For the amusement of the record prime hunters
 

If a Mersenne number is not divisible by any Mersenne primes less than itself (as few as they are), then its exponent is a prime number.:smile:

[QUOTE=a1call;452281]If a Mersenne number is not divisible by any Mersenne primes less than itself (as few as they are), then its exponent is a prime number.:smile:[/QUOTE]

if you count 2^1-1=1 they all work technically.

[QUOTE=a1call;452281]If a Mersenne number is not divisible by any Mersenne primes less than itself (as few as they are), then its exponent is a prime number.:smile:[/QUOTE]

2^121 - 1 is not divisible by 2^2 - 1, 2^3 - 1, 2^5 - 1, 2^7 - 1, 2^13 - 1, 2^17 - 1, 2^19 - 1, 2^31 - 1, 2^61 - 1, 2^89 - 1 or 2^107 - 1. :ermm:

[QUOTE=CRGreathouse;452290]2^121 - 1 is not divisible by 2^2 - 1, 2^3 - 1, 2^5 - 1, 2^7 - 1, 2^13 - 1, 2^17 - 1, 2^19 - 1, 2^31 - 1, 2^61 - 1, 2^89 - 1 or 2^107 - 1. :ermm:[/QUOTE]

doh my reading skills need work I thought that they said mersenne number for some reason doh.

[QUOTE=CRGreathouse;452290]2^121 - 1 is not divisible by 2^2 - 1, 2^3 - 1, 2^5 - 1, 2^7 - 1, 2^13 - 1, 2^17 - 1, 2^19 - 1, 2^31 - 1, 2^61 - 1, 2^89 - 1 or 2^107 - 1. :ermm:[/QUOTE]
Thank you for the counter example. SM is slipping.

[QUOTE=a1call;452281]If a Mersenne number is not divisible by any Mersenne primes less than itself (as few as they are), then its exponent is a prime number.:smile:[/QUOTE]
If a Mersenne number is not divisible by any Mersenne numbers with a prime exponent less than itself (as many as they are), then its exponent is a prime number.:smile::smile:

[QUOTE=a1call;452296]SM is slipping.[/QUOTE] not really you just don't think of 1 as a mersenne number but it is( dependent on which definition you use).

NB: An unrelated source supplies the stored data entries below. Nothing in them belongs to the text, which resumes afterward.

lemma neg_index_perturbation:
  fixes M M0 :: "real mat"
  assumes M0: "spectral_decomp n M0 U D" and \<delta>: "\<delta> > 0" "\<And>i. i < n \<Longrightarrow> \<delta> \<le> \<bar>D $$ (i, i)\<bar>"
    and M: "M \<in> carrier_mat n n" "M\<^sup>T = M"
    and close: "\<And>x. x \<in> carrier_vec n \<Longrightarrow> x \<noteq> 0\<^sub>v n \<Longrightarrow>
      \<bar>x \<bullet> (M *\<^sub>v x) - x \<bullet> (M0 *\<^sub>v x)\<bar> < \<delta> * (x \<bullet> x)"
  shows "neg_index M = neg_index M0"
proof -
  define T where "T = {i. i < n \<and> D $$ (i, i) < 0}"
  define P where "P = {i. i < n \<and> D $$ (i, i) > 0}"
  have "card T + card P = card (T \<union> P)" unfolding T_def P_def by (rule card_Un_disjoint[symmetric]) auto
  also have "T \<union> P = {..<n}" unfolding T_def P_def using \<delta> by (force simp: linorder_neq_iff)
  finally have TP: "card T + card P = n" by simp
  have M0c: "M0 \<in> carrier_mat n n" and Dc: "D \<in> carrier_mat n n"
    using M0 unfolding spectral_decomp_def by auto
  have nonzero: "V *\<^sub>v a \<noteq> 0\<^sub>v n" if "V \<in> carrier_mat n k" "a \<in> carrier_vec k" "a \<noteq> 0\<^sub>v k"
    and "(V *\<^sub>v a) \<bullet> (V *\<^sub>v a) = a \<bullet> a" for V :: "real mat" and a k
    using that conjugate_square_greater_0_vec[of a k] by auto
  have T_sub: "T \<subseteq> {..<n}" and P_sub: "P \<subseteq> {..<n}" unfolding T_def P_def by auto
  have T_ge: "\<delta> \<le> (- D) $$ (i, i)" if "i \<in> T" for i
    using that \<delta>(2)[of i] Dc unfolding T_def by auto
  have P_ge: "\<delta> \<le> D $$ (i, i)" if "i \<in> P" for i
    using that \<delta>(2)[of i] unfolding P_def by auto
  obtain V1 where V1: "V1 \<in> carrier_mat n (card T)"
    "\<And>a. a \<in> carrier_vec (card T) \<Longrightarrow> (V1 *\<^sub>v a) \<bullet> (V1 *\<^sub>v a) = a \<bullet> a"
    "\<And>a. a \<in> carrier_vec (card T) \<Longrightarrow> \<delta> * (a \<bullet> a) \<le> (V1 *\<^sub>v a) \<bullet> (- M0 *\<^sub>v (V1 *\<^sub>v a))"
    using spectral_subspace_quadratic_form_ge[OF spectral_decomp_uminus[OF M0] T_sub T_ge] by blast
  have "card T \<le> neg_index M"
  proof (rule neg_index_ge_neg_definite_dim[OF M V1(1)])
    fix a :: "real vec" assume a: "a \<in> carrier_vec (card T)" "a \<noteq> 0\<^sub>v (card T)"
    let ?x = "V1 *\<^sub>v a"
    have "\<bar>?x \<bullet> (M *\<^sub>v ?x) - ?x \<bullet> (M0 *\<^sub>v ?x)\<bar> < \<delta> * (?x \<bullet> ?x)"
      using close nonzero[OF V1(1) a V1(2)[OF a(1)]] V1(1) a by simp
    thus "?x \<bullet> (M *\<^sub>v ?x) < 0" using V1(2,3)[OF a(1)] V1(1) a M0c by simp
  qed
  moreover obtain V2 where V2: "V2 \<in> carrier_mat n (card P)"
    "\<And>a. a \<in> carrier_vec (card P) \<Longrightarrow> (V2 *\<^sub>v a) \<bullet> (V2 *\<^sub>v a) = a \<bullet> a"
    "\<And>a. a \<in> carrier_vec (card P) \<Longrightarrow> \<delta> * (a \<bullet> a) \<le> (V2 *\<^sub>v a) \<bullet> (M0 *\<^sub>v (V2 *\<^sub>v a))"
    using spectral_subspace_quadratic_form_ge[OF M0 P_sub P_ge] by blast
  have "neg_index M + card P \<le> n"
  proof (rule neg_index_le_pos_definite_codim[OF M V2(1)])
    fix a :: "real vec" assume a: "a \<in> carrier_vec (card P)" "a \<noteq> 0\<^sub>v (card P)"
    let ?x = "V2 *\<^sub>v a"
    have "\<bar>?x \<bullet> (M *\<^sub>v ?x) - ?x \<bullet> (M0 *\<^sub>v ?x)\<bar> < \<delta> * (?x \<bullet> ?x)"
      using close nonzero[OF V2(1) a V2(2)[OF a(1)]] V2(1) a by simp
    thus "?x \<bullet> (M *\<^sub>v ?x) > 0" using V2(2,3)[OF a(1)] by simp
  qed
  ultimately show ?thesis using TP neg_index_spectral_decomp[OF M0] unfolding T_def by linarith
qed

[QUOTE=science_man_88;452299]not really you just don't think of 1 as a mersenne number but it is( dependent on which definition you use).[/QUOTE]
But it is not a prime number, nor it has a prime exponent. You are still assuming that I have written "[B]mersenne numbers[/B]", where I had written "[B]mersenne primes[/B]" or have written "[B]mersenne numbers with prime exponents[/B]".
1 does not satisfy neither (or is it either? ) condition.

[QUOTE=a1call;452300]But it is not a prime number, nor it has a prime exponent. You are still assuming that I have written "mersenne numbers", where I had written "mersenne primes" or have written "mersenne numbers with prime exponents".
1 does not satisfy neither condition.[/QUOTE]

okay I'll give you that though there was a time when 1 was considered prime. also your statement about the exponent is an equivalent to division on the natural numbers as if the exponents divide so will the mersenne numbers.

[QUOTE=science_man_88;452301]okay I'll give you that though there was a time when 1 was considered prime. also your statement about the exponent is an equivalent to division on the natural numbers as if the exponents divide so will the mersenne numbers.[/QUOTE]
Yes-but and No, respectively. Yes-but we happen to be living in 21st century and No, that does not state that any Mersenne number exponents are primes( although it does entail that).

[QUOTE=a1call;452297]If a Mersenne number is not divisible by any Mersenne numbers with a prime exponent less than itself (as many as they are), then its exponent is a prime number.:smile::smile:[/QUOTE]
That's a tautology.

What you just wrote is equivalent to: "If a number is not divisible by any prime less than itself, then it is a prime number". Where the first clause is equivalent to the definition of a prime number.

So what you wrote is: "If a number is prime, then it is a prime number". That's profound!